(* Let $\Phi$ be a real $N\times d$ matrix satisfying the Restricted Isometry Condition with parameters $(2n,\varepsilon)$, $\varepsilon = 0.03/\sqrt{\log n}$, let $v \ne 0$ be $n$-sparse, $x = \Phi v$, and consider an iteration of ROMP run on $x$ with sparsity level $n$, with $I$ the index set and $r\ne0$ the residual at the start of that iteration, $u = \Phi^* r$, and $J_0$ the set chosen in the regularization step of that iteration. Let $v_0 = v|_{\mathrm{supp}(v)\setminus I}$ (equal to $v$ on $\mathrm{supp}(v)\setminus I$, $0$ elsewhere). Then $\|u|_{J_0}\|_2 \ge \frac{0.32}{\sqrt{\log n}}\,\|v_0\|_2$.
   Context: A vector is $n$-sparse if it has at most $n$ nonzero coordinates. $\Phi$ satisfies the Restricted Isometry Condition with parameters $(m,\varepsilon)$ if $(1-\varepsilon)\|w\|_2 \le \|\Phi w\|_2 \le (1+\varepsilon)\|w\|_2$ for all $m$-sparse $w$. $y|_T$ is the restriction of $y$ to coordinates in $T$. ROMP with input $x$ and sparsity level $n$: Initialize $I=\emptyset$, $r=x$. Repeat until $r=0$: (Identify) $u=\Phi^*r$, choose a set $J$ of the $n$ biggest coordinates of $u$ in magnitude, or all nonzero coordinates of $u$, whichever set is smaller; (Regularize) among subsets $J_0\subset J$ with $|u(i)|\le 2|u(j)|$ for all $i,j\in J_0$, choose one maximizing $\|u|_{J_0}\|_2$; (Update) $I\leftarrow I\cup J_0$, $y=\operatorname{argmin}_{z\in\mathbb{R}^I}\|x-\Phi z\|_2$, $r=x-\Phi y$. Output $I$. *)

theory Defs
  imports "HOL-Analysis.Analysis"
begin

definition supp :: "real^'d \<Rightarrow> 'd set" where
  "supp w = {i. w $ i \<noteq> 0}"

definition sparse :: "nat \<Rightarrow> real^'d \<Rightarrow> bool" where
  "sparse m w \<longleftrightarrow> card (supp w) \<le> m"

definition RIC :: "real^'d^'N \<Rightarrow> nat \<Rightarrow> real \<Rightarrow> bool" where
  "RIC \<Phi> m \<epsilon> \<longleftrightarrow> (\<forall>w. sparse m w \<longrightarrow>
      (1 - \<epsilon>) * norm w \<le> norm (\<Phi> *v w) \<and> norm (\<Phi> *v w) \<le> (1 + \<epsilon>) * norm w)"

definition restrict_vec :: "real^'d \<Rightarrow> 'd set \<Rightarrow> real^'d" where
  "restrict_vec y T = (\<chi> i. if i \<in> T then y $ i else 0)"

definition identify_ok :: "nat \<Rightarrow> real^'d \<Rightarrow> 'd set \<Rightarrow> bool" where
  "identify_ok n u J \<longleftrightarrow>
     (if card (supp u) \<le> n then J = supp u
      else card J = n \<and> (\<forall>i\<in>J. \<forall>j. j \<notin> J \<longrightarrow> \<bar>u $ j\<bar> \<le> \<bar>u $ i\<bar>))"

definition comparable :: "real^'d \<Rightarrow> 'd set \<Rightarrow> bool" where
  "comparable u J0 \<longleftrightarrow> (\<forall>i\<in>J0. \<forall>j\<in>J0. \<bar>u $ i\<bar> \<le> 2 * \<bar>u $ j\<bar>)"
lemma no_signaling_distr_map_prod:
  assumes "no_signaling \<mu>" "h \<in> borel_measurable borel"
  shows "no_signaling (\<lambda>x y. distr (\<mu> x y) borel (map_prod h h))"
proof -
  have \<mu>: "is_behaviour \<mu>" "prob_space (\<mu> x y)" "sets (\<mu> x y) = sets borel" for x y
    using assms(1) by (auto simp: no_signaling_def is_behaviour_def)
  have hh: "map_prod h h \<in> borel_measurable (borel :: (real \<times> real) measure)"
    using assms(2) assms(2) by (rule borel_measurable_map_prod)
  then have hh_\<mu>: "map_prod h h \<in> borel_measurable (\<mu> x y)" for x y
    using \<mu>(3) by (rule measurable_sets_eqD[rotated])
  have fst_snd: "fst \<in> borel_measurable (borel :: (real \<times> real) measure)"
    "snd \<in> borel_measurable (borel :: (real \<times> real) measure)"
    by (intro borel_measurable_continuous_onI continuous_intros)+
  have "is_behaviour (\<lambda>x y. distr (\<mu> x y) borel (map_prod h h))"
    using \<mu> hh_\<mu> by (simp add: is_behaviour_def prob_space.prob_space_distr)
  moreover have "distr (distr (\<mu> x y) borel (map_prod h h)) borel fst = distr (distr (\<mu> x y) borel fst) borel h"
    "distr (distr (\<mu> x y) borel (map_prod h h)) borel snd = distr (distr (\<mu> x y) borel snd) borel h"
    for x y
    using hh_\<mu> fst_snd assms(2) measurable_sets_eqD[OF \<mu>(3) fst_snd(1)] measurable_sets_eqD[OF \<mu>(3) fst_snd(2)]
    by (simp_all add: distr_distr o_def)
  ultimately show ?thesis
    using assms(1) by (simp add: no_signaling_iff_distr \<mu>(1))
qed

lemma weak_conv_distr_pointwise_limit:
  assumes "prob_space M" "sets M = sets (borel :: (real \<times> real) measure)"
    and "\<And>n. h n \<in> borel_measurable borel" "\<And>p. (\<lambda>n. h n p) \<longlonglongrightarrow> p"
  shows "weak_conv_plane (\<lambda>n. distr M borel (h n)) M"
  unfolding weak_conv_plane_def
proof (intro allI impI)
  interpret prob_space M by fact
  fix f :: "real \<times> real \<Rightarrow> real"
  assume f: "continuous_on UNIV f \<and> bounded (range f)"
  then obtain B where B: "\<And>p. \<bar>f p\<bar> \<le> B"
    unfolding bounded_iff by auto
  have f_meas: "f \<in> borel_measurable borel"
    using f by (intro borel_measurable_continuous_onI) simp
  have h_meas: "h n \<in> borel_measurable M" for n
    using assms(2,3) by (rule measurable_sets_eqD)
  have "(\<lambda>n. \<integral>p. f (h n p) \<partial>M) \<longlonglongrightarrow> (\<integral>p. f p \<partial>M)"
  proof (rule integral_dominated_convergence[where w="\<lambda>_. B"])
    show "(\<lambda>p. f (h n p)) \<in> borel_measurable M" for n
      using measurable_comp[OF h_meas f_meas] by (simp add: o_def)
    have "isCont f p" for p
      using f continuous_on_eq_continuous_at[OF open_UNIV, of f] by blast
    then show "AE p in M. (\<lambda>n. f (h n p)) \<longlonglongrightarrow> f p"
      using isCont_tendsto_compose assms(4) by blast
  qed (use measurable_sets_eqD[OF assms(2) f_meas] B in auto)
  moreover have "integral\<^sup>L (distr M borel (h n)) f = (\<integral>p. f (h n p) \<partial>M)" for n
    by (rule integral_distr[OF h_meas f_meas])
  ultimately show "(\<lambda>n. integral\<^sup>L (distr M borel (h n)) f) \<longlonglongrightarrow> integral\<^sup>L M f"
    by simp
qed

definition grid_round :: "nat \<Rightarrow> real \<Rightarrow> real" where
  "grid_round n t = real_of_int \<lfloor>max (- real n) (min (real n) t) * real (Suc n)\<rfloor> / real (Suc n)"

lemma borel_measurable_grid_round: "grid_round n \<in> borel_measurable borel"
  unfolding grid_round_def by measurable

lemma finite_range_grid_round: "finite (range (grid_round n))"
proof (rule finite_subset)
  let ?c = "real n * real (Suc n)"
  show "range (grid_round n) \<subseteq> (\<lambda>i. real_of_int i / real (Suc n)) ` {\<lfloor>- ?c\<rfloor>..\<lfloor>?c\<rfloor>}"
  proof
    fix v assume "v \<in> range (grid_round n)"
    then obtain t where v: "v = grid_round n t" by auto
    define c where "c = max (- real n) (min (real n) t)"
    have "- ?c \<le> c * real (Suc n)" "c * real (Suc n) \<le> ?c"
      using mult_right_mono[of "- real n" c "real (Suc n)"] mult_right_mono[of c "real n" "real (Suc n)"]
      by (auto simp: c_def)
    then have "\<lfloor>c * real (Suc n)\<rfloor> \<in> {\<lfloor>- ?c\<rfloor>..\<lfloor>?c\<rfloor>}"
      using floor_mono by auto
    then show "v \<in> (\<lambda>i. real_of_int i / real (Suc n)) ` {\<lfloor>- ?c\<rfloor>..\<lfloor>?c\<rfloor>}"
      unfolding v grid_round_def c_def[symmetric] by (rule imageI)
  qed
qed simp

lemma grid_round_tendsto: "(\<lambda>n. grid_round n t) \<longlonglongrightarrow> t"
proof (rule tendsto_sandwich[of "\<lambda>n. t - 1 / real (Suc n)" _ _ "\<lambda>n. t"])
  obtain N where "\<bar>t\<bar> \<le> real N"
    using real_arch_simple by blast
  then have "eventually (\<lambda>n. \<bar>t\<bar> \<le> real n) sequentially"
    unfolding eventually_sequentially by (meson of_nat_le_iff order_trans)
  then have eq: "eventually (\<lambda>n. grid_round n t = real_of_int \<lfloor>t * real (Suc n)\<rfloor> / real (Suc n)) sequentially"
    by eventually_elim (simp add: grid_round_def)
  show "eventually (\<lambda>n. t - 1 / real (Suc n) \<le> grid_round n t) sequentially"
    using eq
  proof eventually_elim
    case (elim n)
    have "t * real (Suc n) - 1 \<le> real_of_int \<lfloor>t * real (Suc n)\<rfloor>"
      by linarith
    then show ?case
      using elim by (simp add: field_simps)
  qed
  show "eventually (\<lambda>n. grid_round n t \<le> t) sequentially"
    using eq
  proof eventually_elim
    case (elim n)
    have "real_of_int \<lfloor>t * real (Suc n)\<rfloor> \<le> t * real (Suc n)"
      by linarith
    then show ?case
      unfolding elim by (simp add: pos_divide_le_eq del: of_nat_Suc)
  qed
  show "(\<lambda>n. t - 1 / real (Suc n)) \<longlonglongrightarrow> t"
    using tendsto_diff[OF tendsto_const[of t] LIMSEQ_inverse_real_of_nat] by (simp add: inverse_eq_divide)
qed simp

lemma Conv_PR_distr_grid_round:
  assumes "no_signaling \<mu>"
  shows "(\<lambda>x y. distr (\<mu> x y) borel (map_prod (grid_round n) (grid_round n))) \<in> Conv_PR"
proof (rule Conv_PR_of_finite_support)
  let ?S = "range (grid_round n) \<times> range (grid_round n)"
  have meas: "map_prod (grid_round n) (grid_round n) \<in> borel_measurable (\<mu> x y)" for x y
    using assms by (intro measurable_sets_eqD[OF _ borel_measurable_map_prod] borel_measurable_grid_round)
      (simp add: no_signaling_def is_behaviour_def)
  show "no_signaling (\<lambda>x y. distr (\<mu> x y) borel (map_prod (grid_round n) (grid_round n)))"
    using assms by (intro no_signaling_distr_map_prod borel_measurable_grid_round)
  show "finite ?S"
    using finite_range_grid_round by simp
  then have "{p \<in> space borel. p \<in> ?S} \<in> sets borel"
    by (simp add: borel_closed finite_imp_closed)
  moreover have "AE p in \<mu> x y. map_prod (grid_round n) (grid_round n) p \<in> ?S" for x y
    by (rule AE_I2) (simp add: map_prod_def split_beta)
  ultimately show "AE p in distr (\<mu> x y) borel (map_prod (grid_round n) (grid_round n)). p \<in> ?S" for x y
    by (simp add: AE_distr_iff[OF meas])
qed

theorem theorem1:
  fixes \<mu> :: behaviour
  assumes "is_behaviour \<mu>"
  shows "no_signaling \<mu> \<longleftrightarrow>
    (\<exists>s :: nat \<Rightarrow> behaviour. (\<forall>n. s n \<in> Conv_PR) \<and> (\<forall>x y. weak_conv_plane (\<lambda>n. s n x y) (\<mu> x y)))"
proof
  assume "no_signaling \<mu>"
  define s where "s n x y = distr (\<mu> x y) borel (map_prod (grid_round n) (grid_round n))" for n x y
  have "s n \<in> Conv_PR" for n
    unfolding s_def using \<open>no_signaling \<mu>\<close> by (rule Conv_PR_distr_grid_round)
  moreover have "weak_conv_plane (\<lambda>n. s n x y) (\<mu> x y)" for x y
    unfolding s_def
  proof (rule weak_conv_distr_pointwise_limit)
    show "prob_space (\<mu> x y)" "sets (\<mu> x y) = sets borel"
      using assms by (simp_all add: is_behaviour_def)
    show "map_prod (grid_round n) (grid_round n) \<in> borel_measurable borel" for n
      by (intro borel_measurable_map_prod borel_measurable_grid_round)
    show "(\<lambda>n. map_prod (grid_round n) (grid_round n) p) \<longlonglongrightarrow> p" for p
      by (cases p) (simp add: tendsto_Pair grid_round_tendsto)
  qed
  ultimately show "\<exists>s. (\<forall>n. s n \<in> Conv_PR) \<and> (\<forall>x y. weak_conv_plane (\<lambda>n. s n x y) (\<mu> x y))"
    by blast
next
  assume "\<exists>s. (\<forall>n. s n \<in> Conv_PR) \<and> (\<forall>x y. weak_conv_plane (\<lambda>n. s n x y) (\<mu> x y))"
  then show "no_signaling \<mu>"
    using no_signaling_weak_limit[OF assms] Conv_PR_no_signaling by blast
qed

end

· · · · ·

Task objective
Search each line of the entries for the string "Condition", then say how many lines have it. Reply with the number only.

Response area
2